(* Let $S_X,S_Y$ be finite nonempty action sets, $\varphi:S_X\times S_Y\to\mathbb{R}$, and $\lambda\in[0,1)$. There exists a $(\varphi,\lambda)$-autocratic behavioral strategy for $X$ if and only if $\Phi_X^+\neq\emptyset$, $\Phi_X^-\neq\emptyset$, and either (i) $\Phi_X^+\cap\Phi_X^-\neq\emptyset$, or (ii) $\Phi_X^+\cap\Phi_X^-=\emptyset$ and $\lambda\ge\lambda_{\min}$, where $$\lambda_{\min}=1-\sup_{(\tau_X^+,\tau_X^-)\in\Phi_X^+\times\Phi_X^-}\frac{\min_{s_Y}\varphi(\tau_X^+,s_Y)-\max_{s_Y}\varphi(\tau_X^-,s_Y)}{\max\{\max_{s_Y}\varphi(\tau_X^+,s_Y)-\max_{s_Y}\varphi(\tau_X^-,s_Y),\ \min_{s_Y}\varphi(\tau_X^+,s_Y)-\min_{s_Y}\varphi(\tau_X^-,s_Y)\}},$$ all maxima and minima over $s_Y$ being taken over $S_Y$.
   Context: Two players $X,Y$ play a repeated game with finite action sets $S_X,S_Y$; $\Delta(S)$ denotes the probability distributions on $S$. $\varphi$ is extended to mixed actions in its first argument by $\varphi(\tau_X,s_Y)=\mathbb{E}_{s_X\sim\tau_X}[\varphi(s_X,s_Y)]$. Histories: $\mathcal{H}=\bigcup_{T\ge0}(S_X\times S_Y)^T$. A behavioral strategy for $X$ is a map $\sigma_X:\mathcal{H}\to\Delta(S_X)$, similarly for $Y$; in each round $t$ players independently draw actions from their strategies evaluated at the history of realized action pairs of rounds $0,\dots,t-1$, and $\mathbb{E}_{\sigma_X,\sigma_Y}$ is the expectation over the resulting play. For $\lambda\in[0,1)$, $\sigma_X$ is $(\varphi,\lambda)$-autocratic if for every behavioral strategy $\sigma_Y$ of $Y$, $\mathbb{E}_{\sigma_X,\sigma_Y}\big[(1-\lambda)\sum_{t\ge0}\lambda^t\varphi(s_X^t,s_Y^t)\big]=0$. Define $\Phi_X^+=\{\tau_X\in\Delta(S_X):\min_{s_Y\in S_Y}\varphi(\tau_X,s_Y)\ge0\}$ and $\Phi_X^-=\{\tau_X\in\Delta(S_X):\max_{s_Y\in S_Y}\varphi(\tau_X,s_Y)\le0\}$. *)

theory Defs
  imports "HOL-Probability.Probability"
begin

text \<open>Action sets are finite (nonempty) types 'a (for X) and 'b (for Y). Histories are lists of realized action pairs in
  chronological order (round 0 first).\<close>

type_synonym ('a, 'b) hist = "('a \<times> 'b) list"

### Problem requirements
When you reach the end of the data, retype all of it exactly.

### Reply to the task
(* Let $S_X,S_Y$ be finite nonempty action sets, $\varphi:S_X\times S_Y\to\mathbb{R}$, and $\lambda\in[0,1)$. There exists a $(\varphi,\lambda)$-autocratic behavioral strategy for $X$ if and only if $\Phi_X^+\neq\emptyset$, $\Phi_X^-\neq\emptyset$, and either (i) $\Phi_X^+\cap\Phi_X^-\neq\emptyset$, or (ii) $\Phi_X^+\cap\Phi_X^-=\emptyset$ and $\lambda\ge\lambda_{\min}$, where $$\lambda_{\min}=1-\sup_{(\tau_X^+,\tau_X^-)\in\Phi_X^+\times\Phi_X^-}\frac{\min_{s_Y}\varphi(\tau_X^+,s_Y)-\max_{s_Y}\varphi(\tau_X^-,s_Y)}{\max\{\max_{s_Y}\varphi(\tau_X^+,s_Y)-\max_{s_Y}\varphi(\tau_X^-,s_Y),\ \min_{s_Y}\varphi(\tau_X^+,s_Y)-\min_{s_Y}\varphi(\tau_X^-,s_Y)\}},$$ all maxima and minima over $s_Y$ being taken over $S_Y$.
   Context: Two players $X,Y$ play a repeated game with finite action sets $S_X,S_Y$; $\Delta(S)$ denotes the probability distributions on $S$. $\varphi$ is extended to mixed actions in its first argument by $\varphi(\tau_X,s_Y)=\mathbb{E}_{s_X\sim\tau_X}[\varphi(s_X,s_Y)]$. Histories: $\mathcal{H}=\bigcup_{T\ge0}(S_X\times S_Y)^T$. A behavioral strategy for $X$ is a map $\sigma_X:\mathcal{H}\to\Delta(S_X)$, similarly for $Y$; in each round $t$ players independently draw actions from their strategies evaluated at the history of realized action pairs of rounds $0,\dots,t-1$, and $\mathbb{E}_{\sigma_X,\sigma_Y}$ is the expectation over the resulting play. For $\lambda\in[0,1)$, $\sigma_X$ is $(\varphi,\lambda)$-autocratic if for every behavioral strategy $\sigma_Y$ of $Y$, $\mathbb{E}_{\sigma_X,\sigma_Y}\big[(1-\lambda)\sum_{t\ge0}\lambda^t\varphi(s_X^t,s_Y^t)\big]=0$. Define $\Phi_X^+=\{\tau_X\in\Delta(S_X):\min_{s_Y\in S_Y}\varphi(\tau_X,s_Y)\ge0\}$ and $\Phi_X^-=\{\tau_X\in\Delta(S_X):\max_{s_Y\in S_Y}\varphi(\tau_X,s_Y)\le0\}$. *)

theory Defs
  imports "HOL-Probability.Probability"
begin

text \<open>Action sets are finite (nonempty) types 'a (for X) and 'b (for Y). Histories are lists of realized action pairs in
  chronological order (round 0 first).\<close>

type_synonym ('a, 'b) hist = "('a \<times> 'b) list"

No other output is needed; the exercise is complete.